State and local budgets are tight across the country, and all indications are that they'll only get tighter in the near future. Yet referees in Louisiana still decided they needed to move forward with a work stoppage designed to force a pay raise by halting the high school basketball season.

According to the Alexandria Town Talk, the strike was organized by basketball officiating associations in Alexandria, Hammond, Monroe and Shreveport, and began on Tuesday night. All referees in those four associations began rejecting assignments to future games, forcing a fleet of cancellations.

"There is not a basketball official in this state that doesn't want to be on the floor Tuesday," Louisiana High School Officials Association president Bryan Greenwood told the Town Talk. "If it was all about the money, then they wouldn't be doing it in the first place."

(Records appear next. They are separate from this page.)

lemma chain_of_partial_sums:
  assumes "zs \<noteq> []" "\<forall>z\<in>set zs. \<not> p dvd z"
    and "\<forall>k < length zs. \<not> int p dvd T + (\<Sum>z\<leftarrow>take k zs. int z ^ d)"
    and "in_class i T" "in_class j (T + (\<Sum>z\<leftarrow>zs. int z ^ d))"
  shows "\<exists>js. length js = length zs - 1 \<and> (\<forall>k\<in>set js. 0 \<le> k \<and> k \<le> int d - 1) \<and>
    cyc_chain_nonzero p d w ([i] @ js @ [j])"
  using assms
proof (induction zs arbitrary: i T)
  case Nil
  then show ?case by simp
next
  case (Cons z zs)
  show ?case
  proof (cases "zs = []")
    case True
    then have "in_class j (T + int z ^ d)"
      using Cons.prems(5) by simp
    then have "cyc p d w i j \<noteq> 0"
      using cyc_nonzero_iff_step[OF Cons.prems(4)] Cons.prems(2) by auto
    then show ?thesis
      using True by (simp add: cyc_chain_nonzero_Cons_Cons cyc_chain_nonzero_single)
  next
    case False
    then have "\<not> int p dvd T + int z ^ d"
      using Cons.prems(3)[rule_format, of 1] by simp
    then obtain i' where i': "0 \<le> i'" "i' \<le> int d - 1" "in_class i' (T + int z ^ d)"
      using in_class_exists by blast
    have "cyc p d w i i' \<noteq> 0"
      using cyc_nonzero_iff_step[OF Cons.prems(4)] Cons.prems(2) i'(3) by auto
    moreover have "\<forall>k < length zs. \<not> int p dvd T + int z ^ d + (\<Sum>z\<leftarrow>take k zs. int z ^ d)"
    proof (intro allI impI)
      fix k assume "k < length zs"
      then show "\<not> int p dvd T + int z ^ d + (\<Sum>z\<leftarrow>take k zs. int z ^ d)"
        using Cons.prems(3)[rule_format, of "Suc k"] by (simp add: add.assoc)
    qed
    moreover have "in_class j (T + int z ^ d + (\<Sum>z\<leftarrow>zs. int z ^ d))"
      using Cons.prems(5) by (simp add: add.assoc)
    ultimately obtain js where "length js = length zs - 1" "\<forall>k\<in>set js. 0 \<le> k \<and> k \<le> int d - 1"
      "cyc_chain_nonzero p d w ([i'] @ js @ [j])"
      using Cons.IH[OF False _ _ i'(3)] Cons.prems(2) by auto
    with \<open>cyc p d w i i' \<noteq> 0\<close> show ?thesis
      using False i' by (intro exI[of _ "i' # js"]) (simp add: cyc_chain_nonzero_Cons_Cons)
  qed
qed
lemma integral_ramp_crossing:
  fixes \<alpha> \<beta> :: real
  assumes "0 < \<alpha>" "\<beta> < 0"
  shows "integral {0..1} (\<lambda>t. max 0 (\<alpha> + t*(\<beta>-\<alpha>))) = \<alpha>^2/(2*(\<alpha> - \<beta>))"
proof -
  define t0 where "t0 = \<alpha>/(\<alpha>-\<beta>)"
  define F where "F t = \<alpha>*t + (\<beta>-\<alpha>)/2*t^2" for t
  have ab: "\<alpha> - \<beta> > 0" using assms by simp
  have t0: "0 \<le> t0" "t0 \<le> 1" unfolding t0_def using assms ab by (auto simp: field_simps)
  have sign: "\<alpha> + t*(\<beta>-\<alpha>) = (t0 - t)*(\<alpha>-\<beta>)" for t
    unfolding t0_def using ab by (simp add: field_simps)
  have "((\<lambda>t. max 0 (\<alpha> + t*(\<beta>-\<alpha>))) has_integral (F t0 - F 0)) {0..t0}"
  proof (rule fundamental_theorem_of_calculus[OF t0(1)])
    fix x assume x: "x \<in> {0..t0}"
    have "(F has_real_derivative (\<alpha> + x*(\<beta>-\<alpha>))) (at x within {0..t0})"
      unfolding F_def by (auto intro!: derivative_eq_intros simp: field_simps)
    moreover have "max 0 (\<alpha> + x*(\<beta>-\<alpha>)) = \<alpha> + x*(\<beta>-\<alpha>)"
      using x ab by (simp add: sign)
    ultimately show "(F has_vector_derivative max 0 (\<alpha> + x*(\<beta>-\<alpha>))) (at x within {0..t0})"
      by (simp add: has_real_derivative_iff_has_vector_derivative)
  qed
  moreover have "((\<lambda>t. max 0 (\<alpha> + t*(\<beta>-\<alpha>))) has_integral 0) {t0..1}"
    using has_integral_0 by (rule has_integral_eq[rotated]) (use ab in \<open>simp add: sign mult_nonpos_nonneg\<close>)
  ultimately have "((\<lambda>t. max 0 (\<alpha> + t*(\<beta>-\<alpha>))) has_integral (F t0 - F 0 + 0)) {0..1}"
    by (rule has_integral_combine[OF t0])
  moreover have "F t0 - F 0 = \<alpha>^2/(2*(\<alpha> - \<beta>))"
  proof -
    have "(\<beta>-\<alpha>)*t0 = -\<alpha>" unfolding t0_def using ab by (simp add: field_simps)
    moreover have "F t0 = \<alpha>*t0 + ((\<beta>-\<alpha>)*t0)*t0/2"
      unfolding F_def power2_eq_square by (simp add: field_simps)
    ultimately have "F t0 = \<alpha>*t0/2" by simp
    then show ?thesis unfolding t0_def using ab by (simp add: F_def power2_eq_square)
  qed
  ultimately show ?thesis by (simp add: integral_unique)
qed

lemma integral_ramp_reflect:
  fixes \<alpha> \<beta> :: real
  shows "integral {0..1} (\<lambda>t. max 0 (\<alpha> + t*(\<beta>-\<alpha>))) =
    (\<alpha> + \<beta>)/2 + integral {0..1} (\<lambda>t. max 0 (-\<alpha> + t*(-\<beta>- -\<alpha>)))"
proof -
  have "integral {0..1} (\<lambda>t. max 0 (\<alpha> + t*(\<beta>-\<alpha>))) =
     integral {0..1} (\<lambda>t. (\<alpha> + t*(\<beta>-\<alpha>)) + max 0 (-\<alpha> + t*(-\<beta>- -\<alpha>)))"
  proof (rule integral_cong)
    fix t :: real
    have h: "-\<alpha> + t*(-\<beta>- -\<alpha>) = -(\<alpha> + t*(\<beta>-\<alpha>))" by (simp add: algebra_simps)
    show "max 0 (\<alpha> + t*(\<beta>-\<alpha>)) = (\<alpha> + t*(\<beta>-\<alpha>)) + max 0 (-\<alpha> + t*(-\<beta>- -\<alpha>))"
      unfolding h by (simp add: max_def)
  qed
  also have "\<dots> = integral {0..1} (\<lambda>t. \<alpha> + t*(\<beta>-\<alpha>)) + integral {0..1} (\<lambda>t. max 0 (-\<alpha> + t*(-\<beta>- -\<alpha>)))"
    by (rule integral_add; rule integrable_continuous_interval; intro continuous_intros)
  also have "integral {0..1} (\<lambda>t. \<alpha> + t*(\<beta>-\<alpha>)) = (\<alpha> + \<beta>)/2"
    by (simp only: integral_01_affine) (simp add: field_simps)
  finally show ?thesis .
qed

lemma integral_ramp:
  fixes \<alpha> \<beta> :: real
  shows "integral {0..1} (\<lambda>t. max 0 (\<alpha> + t*(\<beta>-\<alpha>))) = ramp_mean \<alpha> \<beta>"
proof -
  consider "0 \<le> \<alpha> \<and> 0 \<le> \<beta>" | "\<alpha> \<le> 0 \<and> \<beta> \<le> 0" | "0 < \<alpha> \<and> \<beta> < 0" | "\<alpha> < 0 \<and> 0 < \<beta>"
    by linarith
  then show ?thesis
  proof cases
    case 1 then show ?thesis using integral_ramp_nonneg[of \<alpha> \<beta>] by (simp add: ramp_mean_def)
  next
    case 2
    have h0: "ramp_mean \<alpha> \<beta> = 0" using 2 by (auto simp: ramp_mean_def)
    have h2: "integral {0..1} (\<lambda>t. max 0 (-\<alpha> + t*(-\<beta>- -\<alpha>))) = (-\<alpha> + -\<beta>)/2"
      by (rule integral_ramp_nonneg) (use 2 in auto)
    show ?thesis by (subst integral_ramp_reflect, subst h2, subst h0) (simp add: field_simps)
  next
    case 3 then show ?thesis using integral_ramp_crossing[of \<alpha> \<beta>] by (simp add: ramp_mean_def)
  next
    case 4
    have "(\<alpha> + \<beta>) / 2 + (- \<alpha>)\<^sup>2 / (2 * (- \<alpha> - - \<beta>)) = \<beta>^2/(2*(\<beta> - \<alpha>))"
      using 4 by (simp add: field_simps power2_eq_square)
    then show ?thesis using 4 integral_ramp_reflect[of \<alpha> \<beta>] integral_ramp_crossing[of "-\<alpha>" "-\<beta>"]
      by (simp add: ramp_mean_def)
  qed
qed

text \<open>In the frame \<open>(n, t)\<close> at a point of the cut line, let \<open>u\<^sub>i, v\<^sub>i\<close> be the coordinates
  of the vertices.  An affine function \<open>C + S u + B v\<close> whose values at the edge midpoints are the
  edge means of \<open>max 0 u\<close> has slope \<open>S = |T\<^sup>+| / |T|\<close>, e.g. \<open>u\<^sub>1\<^sup>2 / ((u\<^sub>1 - u\<^sub>2) (u\<^sub>1 - u\<^sub>3))\<close>
  when only the first vertex lies on the positive side.\<close>

lemma midpoint_interpolant_slope_cramer:
  fixes C S B u1 u2 u3 v1 v2 v3 m1 m2 m3 :: real
  assumes "C + S*((u2+u3)/2) + B*((v2+v3)/2) = m1"
    "C + S*((u3+u1)/2) + B*((v3+v1)/2) = m2"
    "C + S*((u1+u2)/2) + B*((v1+v2)/2) = m3"
  shows "S * ((u1-u2)*(v1-v3) - (u1-u3)*(v1-v2)) = 2*((m2-m1)*(v1-v3) - (m3-m1)*(v1-v2))"
proof -
  have d2: "S*(u1-u2) = 2*(m2-m1) - B*(v1-v2)" using assms(1,2) by (simp add: field_simps)
  have d3: "S*(u1-u3) = 2*(m3-m1) - B*(v1-v3)" using assms(1,3) by (simp add: field_simps)
  have "S * ((u1-u2)*(v1-v3) - (u1-u3)*(v1-v2)) = (S*(u1-u2))*(v1-v3) - (S*(u1-u3))*(v1-v2)"
    by (simp add: algebra_simps)
  also have "\<dots> = 2*((m2-m1)*(v1-v3) - (m3-m1)*(v1-v2))" unfolding d2 d3 by (simp add: algebra_simps)
  finally show ?thesis .
qed

lemma midpoint_interpolant_slope_one_vertex_pos:
  fixes C S B u1 u2 u3 v1 v2 v3 :: real
  assumes E: "(u1-u2)*(v1-v3) - (u1-u3)*(v1-v2) \<noteq> 0"
    and e: "C + S*((u2+u3)/2) + B*((v2+v3)/2) = ramp_mean u2 u3"
    "C + S*((u3+u1)/2) + B*((v3+v1)/2) = ramp_mean u3 u1"
    "C + S*((u1+u2)/2) + B*((v1+v2)/2) = ramp_mean u1 u2"
    and s: "0 < u1" "u2 \<le> 0" "u3 \<le> 0"
  shows "0 \<le> S \<and> S \<le> 1"
proof -
  have m1: "ramp_mean u2 u3 = 0" using s by (simp add: ramp_mean_def)
  have m2: "ramp_mean u3 u1 = u1^2/(2*(u1-u3))"
    using s by (cases "u3 = 0") (auto simp: ramp_mean_def power2_eq_square field_simps)
  have m3: "ramp_mean u1 u2 = u1^2/(2*(u1-u2))"
    using s by (cases "u2 = 0") (auto simp: ramp_mean_def power2_eq_square field_simps)
  have p2: "u1 - u2 > 0" "u1 - u3 > 0" using s by auto
  define K where "K = (u1-u2)*(u1-u3)"
  have K: "K > 0" unfolding K_def using p2 by simp
  have h: "S * ((u1-u2)*(v1-v3) - (u1-u3)*(v1-v2)) = 2*((ramp_mean u3 u1 - ramp_mean u2 u3)*(v1-v3) - (ramp_mean u1 u2 - ramp_mean u2 u3)*(v1-v2))"
    by (rule midpoint_interpolant_slope_cramer[OF e])
  have hm2: "2 * ramp_mean u3 u1 * (u1-u3) = u1^2" unfolding m2 using p2 by (simp add: field_simps)
  have hm3: "2 * ramp_mean u1 u2 * (u1-u2) = u1^2" unfolding m3 using p2 by (simp add: field_simps)
  have "(S * K) * ((u1-u2)*(v1-v3) - (u1-u3)*(v1-v2)) = u1^2 * ((u1-u2)*(v1-v3) - (u1-u3)*(v1-v2))"
    using h hm2 hm3 m1 unfolding K_def by algebra
  then have SK: "S * K = u1^2" using E by simp
  have "u1^2 \<le> K" unfolding power2_eq_square K_def
    by (rule mult_mono) (use s in auto)
  moreover have "S = u1^2/K" using SK K by (auto simp: field_simps)
  ultimately show ?thesis using K by simp
qed

lemma midpoint_interpolant_slope_two_vertices_pos:
  fixes C S B u1 u2 u3 v1 v2 v3 :: real
  assumes E: "(u1-u2)*(v1-v3) - (u1-u3)*(v1-v2) \<noteq> 0"
    and e: "C + S*((u2+u3)/2) + B*((v2+v3)/2) = ramp_mean u2 u3"
    "C + S*((u3+u1)/2) + B*((v3+v1)/2) = ramp_mean u3 u1"
    "C + S*((u1+u2)/2) + B*((v1+v2)/2) = ramp_mean u1 u2"
    and s: "0 < u1" "0 < u2" "u3 < 0"
  shows "0 \<le> S \<and> S \<le> 1"
proof -
  have m1: "ramp_mean u2 u3 = u2^2/(2*(u2-u3))" using s by (simp add: ramp_mean_def)
  have m2: "ramp_mean u3 u1 = u1^2/(2*(u1-u3))" using s by (simp add: ramp_mean_def)
  have m3: "ramp_mean u1 u2 = (u1+u2)/2" using s by (simp add: ramp_mean_def)
  have p2: "u1 - u3 > 0" "u2 - u3 > 0" using s by auto
  define K where "K = (u1-u3)*(u2-u3)"
  have K: "K > 0" unfolding K_def using p2 by simp
  have h: "S * ((u1-u2)*(v1-v3) - (u1-u3)*(v1-v2)) = 2*((ramp_mean u3 u1 - ramp_mean u2 u3)*(v1-v3) - (ramp_mean u1 u2 - ramp_mean u2 u3)*(v1-v2))"
    by (rule midpoint_interpolant_slope_cramer[OF e])
  have hm1: "2 * ramp_mean u2 u3 * (u2-u3) = u2^2" unfolding m1 using p2 by (simp add: field_simps)
  have hm2: "2 * ramp_mean u3 u1 * (u1-u3) = u1^2" unfolding m2 using p2 by (simp add: field_simps)
  have hm3: "2 * ramp_mean u1 u2 = u1 + u2" unfolding m3 by simp
  have "(S * K) * ((u1-u2)*(v1-v3) - (u1-u3)*(v1-v2)) = (K - u3^2) * ((u1-u2)*(v1-v3) - (u1-u3)*(v1-v2))"
    using h hm1 hm2 hm3 unfolding K_def by algebra
  then have SK: "S * K = K - u3^2" using E by simp
  have "u3^2 \<le> K" unfolding power2_eq_square K_def
    using mult_mono[of "-u3" "u1-u3" "-u3" "u2-u3"] s by auto
  moreover have "S = (K - u3^2)/K" using SK K by (auto simp: field_simps)
  ultimately show ?thesis using K by (simp add: divide_le_eq_1 zero_le_divide_iff)
qed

The four officials groups currently striking attempted to get cooperation from other associations across the state, but the Louisiana High School Activities Association reported that officials from all other major metro areas had agreed to complete the season.

The strike is designed to raise pay for officials in Louisiana to a rate near the national average. The state offers the lowest pay per game, some $9 lower than neighboring Mississippi, which has the second-lowest per game pay. A measure to raise officials' pay to the Mississippi rates was rejected overwhelmingly by the whole of the LHSAA, which is made up of all of the principals of Louisiana high schools, following its unanimous approval by the LHSAA executive committee in 2010.

"We are the lowest-paid officials in the U.S.," said Lee Sanders, vice president of the Alexandria Basketball Officials Association. "We felt that the proposal was reasonable."

Yet as reasonable as those improvements may seem, they were deemed as too significant an expense increase by Louisiana principals, with those who would speak on the record speculating that the overall economic swoon was behind its rejections.

That hardly made it an easier blow to take for Greenwood and his association.

"I was shocked and hurt and very disappointed," Greenwood said.

Equally shocked were area basketball coaches, who suddenly had to find ways to keep their players sharp despite an unexpected layoff.

"It is a really bad time for this to happen," Alexandria Senior High boys basketball coach Alan Tinsley told the Town Talk. "It is an issue that has nothing to do with the players. It is an uncomfortable and unfortunate situation for everyone involved.

"We will go through the normal process and prepare for the game. After that we will just take it day by day."